SpectraWatt, based in Hopewell Junction, N.Y., is also a solar cell company that was spun out of Intel in 2008. In June 2009, SpectraWatt received a $500,000 grant from the National Renewable Energy Laboratory as part of the stimulus package. SpectraWatt was one of 13 companies to receive the money to help develop ways to improve solar cells without changing current manufacturing processes.

The company filed for bankruptcy last month, saying it could not compete with its Chinese competitors, which receive "considerable government and financial support."

On Tuesday, Deputy Secretary of Energy Daniel Poneman wrote an editorial for "USA Today" in which he blamed China in part for the failure of U.S. solar energy manufacturers to compete.

"Winning will require substantial investments. Last year, for example, the China Development Bank offered more than $30 billion in financing to Chinese solar manufacturers, about 20 times more than U.S.-backed loans to solar manufacturers," Poneman wrote.

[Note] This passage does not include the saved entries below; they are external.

(* Let $p$ be a prime and $n\ge1$, and suppose $p^n-1=st$ with positive integers $s<t$ and $\gcd(s,t)=1$. Let $\alpha$ be a generator of $\mathbb{F}_{p^n}^\times$, $\beta=\alpha^t$, $\gamma=\alpha^s$. Let $S_0\subset\mathbb{Z}_s\times\mathbb{Z}_t$ be a linearly independent pattern of size $m$ with $m\mid n$, and let $r=n/m$. Then there exist shifts $(a_1,b_1),\dots,(a_r,b_r)\in\mathbb{Z}_s\times\mathbb{Z}_t$ such that the translates $T_{a_1,b_1}(S_0),\dots,T_{a_r,b_r}(S_0)$ are pairwise disjoint and their union $S=\bigcup_{k=1}^r T_{a_k,b_k}(S_0)$ is a basis pattern, and hence, for any nonzero $\mathbb{F}_p$-linear map $\psi:\mathbb{F}_{p^n}\to\mathbb{F}_p$, a sampling pattern for the array $B_{i,j}=\psi(\beta^i\gamma^j)$.
   Context: $\mathbb{Z}_s=\mathbb{Z}/s\mathbb{Z}$, $\mathbb{Z}_t=\mathbb{Z}/t\mathbb{Z}$; $(i,j)\mapsto\beta^i\gamma^j$ is a well-defined bijection $\mathbb{Z}_s\times\mathbb{Z}_t\to\mathbb{F}_{p^n}^\times$. For a pattern $S\subset\mathbb{Z}_s\times\mathbb{Z}_t$, $A|_S=\{\beta^i\gamma^j:(i,j)\in S\}$. $S$ is linearly independent if the elements of $A|_S$ are $\mathbb{F}_p$-linearly independent, and a basis pattern if $A|_S$ is an $\mathbb{F}_p$-basis of $\mathbb{F}_{p^n}$. $T_{a,b}(i,j)=(i+a\bmod s,\ j+b\bmod t)$. For $(a,b)\in\mathbb{Z}_s\times\mathbb{Z}_t$, the value pattern of $S$ is $v_{a,b}=(B_{i+a,j+b})_{(i,j)\in S}\in\mathbb{F}_p^S$; $S$ is a sampling pattern if the $p^n-1$ vectors $v_{a,b}$ are pairwise distinct and are exactly the nonzero vectors of $\mathbb{F}_p^S$. *)

theory Defs
  imports Main "HOL-Library.FuncSet" "HOL-Computational_Algebra.Primes"
begin

text \<open>The prime subfield F_p of a field of characteristic p, i.e. the image of the naturals.\<close>
definition Fp :: "'a::field set" where
  "Fp = range of_nat"

definition pat_elt :: "'a::field \<Rightarrow> 'a \<Rightarrow> nat \<times> nat \<Rightarrow> 'a" where
  "pat_elt \<beta> \<gamma> x = \<beta> ^ fst x * \<gamma> ^ snd x"

text \<open>Translation T_{a,b} on Z_s x Z_t (represented as {0..<s} x {0..<t}).\<close>
definition shiftT :: "nat \<Rightarrow> nat \<Rightarrow> nat \<times> nat \<Rightarrow> nat \<times> nat \<Rightarrow> nat \<times> nat" where
  "shiftT s t ab x = ((fst x + fst ab) mod s, (snd x + snd ab) mod t)"

definition lin_indep_pat :: "'a::field \<Rightarrow> 'a \<Rightarrow> (nat \<times> nat) set \<Rightarrow> bool" where
  "lin_indep_pat \<beta> \<gamma> S \<longleftrightarrow>
     (\<forall>c. (\<forall>x\<in>S. c x \<in> Fp) \<and> (\<Sum>x\<in>S. c x * pat_elt \<beta> \<gamma> x) = 0 \<longrightarrow> (\<forall>x\<in>S. c x = 0))"

definition basis_pat :: "'a::field \<Rightarrow> 'a \<Rightarrow> (nat \<times> nat) set \<Rightarrow> bool" where
  "basis_pat \<beta> \<gamma> S \<longleftrightarrow> lin_indep_pat \<beta> \<gamma> S \<and>
     (\<forall>y. \<exists>c. (\<forall>x\<in>S. c x \<in> Fp) \<and> y = (\<Sum>x\<in>S. c x * pat_elt \<beta> \<gamma> x))"

definition Fp_linear_functional :: "('a::field \<Rightarrow> 'a) \<Rightarrow> bool" where
  "Fp_linear_functional \<psi> \<longleftrightarrow> (\<forall>x. \<psi> x \<in> Fp) \<and> (\<forall>x y. \<psi> (x + y) = \<psi> x + \<psi> y)
     \<and> (\<forall>c x. c \<in> Fp \<longrightarrow> \<psi> (c * x) = c * \<psi> x)"

definition value_pat :: "nat \<Rightarrow> nat \<Rightarrow> 'a::field \<Rightarrow> 'a \<Rightarrow> ('a \<Rightarrow> 'a) \<Rightarrow> (nat \<times> nat) set
    \<Rightarrow> nat \<times> nat \<Rightarrow> (nat \<times> nat \<Rightarrow> 'a)" where
  "value_pat s t \<beta> \<gamma> \<psi> S ab =
     restrict (\<lambda>x. \<psi> (pat_elt \<beta> \<gamma> (shiftT s t ab x))) S"

definition sampling_pat :: "nat \<Rightarrow> nat \<Rightarrow> 'a::field \<Rightarrow> 'a \<Rightarrow> ('a \<Rightarrow> 'a) \<Rightarrow> (nat \<times> nat) set \<Rightarrow> bool" where
  "sampling_pat s t \<beta> \<gamma> \<psi> S \<longleftrightarrow>
     bij_betw (value_pat s t \<beta> \<gamma> \<psi> S) ({0..<s} \<times> {0..<t})
       {f \<in> S \<rightarrow>\<^sub>E Fp. \<exists>x\<in>S. f x \<noteq> 0}"

end

theory Submission
  imports Defs "HOL-Library.Disjoint_Sets" "HOL-Number_Theory.Residues"
begin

"Unfortunately, expanding production has coincided with short-term softening demand, a product of the banking crisis in Europe and its wider economic effects. The combination has had a dramatic effect on the price of solar cells, which has plummeted 42 percent in the past nine months. This has taken a serious toll on solar manufacturers everywhere, including the U.S," he continued.

On Thursday, White House spokesman Jay Carney noted that the U.S. is on track to double its renewable energy production in 2012, but it will require commitment in the U.S. to grow.

"We have a choice to make as a nation, because we will be buying renewable energy products, you know, whether it's wind, biofuel, solar, whether alternative -- rather, you know, advanced battery technology, we're going to be buying that stuff. Do we want to buy it with a stamp on it that says 'Made in America' or are we going to buy it from the Chinese or from other countries?" Carney asked.

"We have to be aggressive in competing in the global economy. And, you know, high-tech clean-energy industries are going to be key to winning this century economically."

But Republicans balk at claims that the Obama administration can decide which companies are winners or losers, and questioned a plan to approve $10 billion more in loans before the stimulus program expires.

"Solar panels have been subsidized by the federal government. States' governments are also subsidizing or giving taxpayers write-off on their tax return. And yet, these solar panels cannot make it in the competitive world without all these subsidies. And even with them, China is flooding the market with this cheap labor and the solar panels just don't make sense," House Energy and Commerce Oversight and Investigations Subommittee Chairman Cliff Stearns R-Fla., told Fox News.

"So I think the administration is on this fervent religion of green jobs and clinging to the idea that solar panel is the answer and it is not the answer," he said.

Another winner of stimulus who ultimately lost is Mountain Plaza Inc. Despite declaring bankruptcy in 2003, the company received $424,000 from the Tennessee Department of Transportation as part of a grant aimed at installing "truck stop electrification" systems that allow idling truckers to plug-in during extended stops and turn off their exhaust-belching, environment polluting diesel engines.

Mountain Plaza had filed for bankruptcy protection again in June 2010. TDOT, which received a $2 million stimulus grant from the Environmental Protection Agency for the project, said it didn't learn about the bankruptcy until October, but it is closely monitoring the project.